Ice loss in Greenland will increase sea level by 10 centimeters

Hyperaxion Aug 17, 2020

The temperature in Greenland will increase by 4 to 6.6ºC by the end of the 21st century, causing billions of tons of ice to melt.

The melting of ice sheets in Greenland has reached a point of no return and will cause a global increase of at least 10 centimeters in sea level by the end of the 21st century.

Ice loss in Greenland will increase sea level by 10 centimeters
(Credit: Jennifer Latuperisa-Andresen / Unsplash).

This is the conclusion of a new study published in July in the International Journal of Climatology, carried out by an international team of glaciologists and climatologists.

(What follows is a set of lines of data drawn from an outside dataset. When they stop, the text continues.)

text \<open>Only the terms with \<open>l \<le> n + 1\<close> of the expansion of the closed form reach the coefficient
  of \<open>z^n\<close>, since \<open>U^m = O(z^m)\<close>.\<close>

lemma branches_gf_nth_ballot:
  "branches_gf r $ n = (\<Sum>i\<le>n. int (Suc i) * (ballot (Suc i * 2 ^ r - 1) n - ballot (Suc i * 2 ^ r + 1) n))"
proof -
  obtain k where k: "2 ^ r = Suc k"
    using not0_implies_Suc[of "2 ^ r"] by auto
  define w where "w = U ^ Suc k"
  define c where "c = (1 - U\<^sup>2) * U ^ k"
  define S where "S = (\<Sum>i<Suc n. of_nat (Suc i) * w ^ i)"
  have term_eq: "U ^ (Suc i * Suc k - 1) - U ^ (Suc i * Suc k + 1) = c * w ^ i" for i
  proof -
    have "Suc i * Suc k - 1 = k + Suc k * i" "Suc i * Suc k + 1 = k + Suc k * i + 2"
      by simp_all
    then show ?thesis
      unfolding c_def w_def by (simp only: power_add power_mult) (simp add: algebra_simps)
  qed
  have "w ^ Suc n = (fps_X * (1 + U)\<^sup>2) ^ (Suc k * Suc n)"
    unfolding w_def U_fixpoint by (simp only: power_mult)
  then have w_power: "w ^ Suc n = fps_X ^ (Suc k * Suc n) * (1 + U) ^ (2 * (Suc k * Suc n))"
    by (simp only: power_mult_distrib power_mult)
  have "(branches_gf r - c * S) * (1 - w)\<^sup>2 = c - c * ((1 - w)\<^sup>2 * S)"
    using branches_gf_closed_form[of r] unfolding k w_def c_def by (simp add: algebra_simps)
  also have "\<dots> = w ^ Suc n * (c * (of_nat (Suc (Suc n)) - of_nat (Suc n) * w))"
    unfolding S_def arith_geometric_sum by (simp add: algebra_simps)
  also have "\<dots> = fps_X ^ (Suc k * Suc n) *
      ((1 + U) ^ (2 * (Suc k * Suc n)) * (c * (of_nat (Suc (Suc n)) - of_nat (Suc n) * w)))"
    by (simp only: w_power mult.assoc)
  finally have "(branches_gf r - c * S) $ n = 0"
    by (rule fps_nth_eq_0_if_mult_eq_X_power_mult) (simp_all add: w_def fps_power_zeroth U_nth_0)
  then have "branches_gf r $ n = (c * S) $ n"
    by simp
  also have "c * S = (\<Sum>i\<le>n. of_nat (Suc i) * (U ^ (Suc i * 2 ^ r - 1) - U ^ (Suc i * 2 ^ r + 1)))"
    unfolding S_def k term_eq by (simp add: lessThan_Suc_atMost sum_distrib_left algebra_simps)
  finally show ?thesis
    by (simp only: fps_sum_nth fps_mult_left_const_nth fps_sub_nth U_power_nth flip: fps_of_nat)
qed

According to the researchers, the estimates are “conservative” considering the possible devastating effects of climate change and the various ways in which ice loss can be accelerated.

Also, the prediction is consistent with recent studies released by the Intergovernmental Panel on Climate Change (IPCC).

Led by Professor Edward Hanna of the University of Lincoln in the United Kingdom, the researchers analyzed data on Greenland’s surface air temperature between 1991 and 2019.

They noted that the coastal region showed an increase of 4.4ºC in the winter and 1.7ºC in the summer between that period.

Crossing this information with computational models, the scientists concluded that each additional Celsius degree during the summer is equivalent to about 91 billion tons of surface mass loss per year (or an annual loss of 116 billion tons of total mass).

Global and regional climate modeling tools have also made it possible to estimate that, by 2100, Greenland is likely to have an increase of 4.0 to 6.6 ºC in its temperature.

And that could result in a 10 to 12.5 cm rise in sea level worldwide by the end of this century. The analysis highlights how the polar regions are more sensitive to the consequences of climate change.

“The Greenland Ice Sheet is one of the most sensitive and reliable measures of global climate change,” Professor Edward Hanna said. “Here we have used relatively simple statistical analysis of data and model output from the last 30 years as a sense-check on prediction of future ice-sheet surface mass change.”

The study also looked at the relationship between temperature changes in Greenland and the atmospheric high-pressure blocking, which is the presence of a greater than normal air mass positioned over Greenland, and concluded that this phenomenon played a crucial role in melting the region’s ice.